[Work instruction] Retrieve every line of the data holding the word "exists".
== Data in this exercise
theorem lemma2p4:
  fixes n p :: nat and r :: "nat list"
  assumes "1 \<le> n" and "prime p" and "r \<in> compositions n"
  shows "nilpotent_desc n p (basisB p r) \<longleftrightarrow> (\<exists>a::nat. 0 < a \<and> p \<le> count_list r a)"
proof
  assume nilpotent: "nilpotent_desc n p (basisB p r)"
  show "\<exists>a::nat. 0 < a \<and> p \<le> count_list r a"
  proof (rule ccontr)
    assume none: "\<not> (\<exists>a::nat. 0 < a \<and> p \<le> count_list r a)"
    have "count_list r a < p" for a
    proof (cases "a = 0")
      case True
      then have "count_list r a = 0" using compositions_positive[OF assms(3)] by (auto simp: count_list_0_iff)
      then show ?thesis using prime_gt_0_nat[OF assms(2)] by simp
    next
      case False
      then have "\<not> p \<le> count_list r a" using none by blast
      then show ?thesis by simp
    qed
    then show False using not_nilpotent_if_no_repeated_part[OF assms(3,2)] nilpotent by blast
  qed
next
  assume "\<exists>a::nat. 0 < a \<and> p \<le> count_list r a"
  then obtain a where "p \<le> count_list r a" by blast
  then show "nilpotent_desc n p (basisB p r)" by (rule nilpotent_if_repeated_part[OF assms(3,2)])
qed

end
====
[Task solution]
  shows "nilpotent_desc n p (basisB p r) \<longleftrightarrow> (\<exists>a::nat. 0 < a \<and> p \<le> count_list r a)"
  show "\<exists>a::nat. 0 < a \<and> p \<le> count_list r a"
    assume none: "\<not> (\<exists>a::nat. 0 < a \<and> p \<le> count_list r a)"
  assume "\<exists>a::nat. 0 < a \<and> p \<le> count_list r a"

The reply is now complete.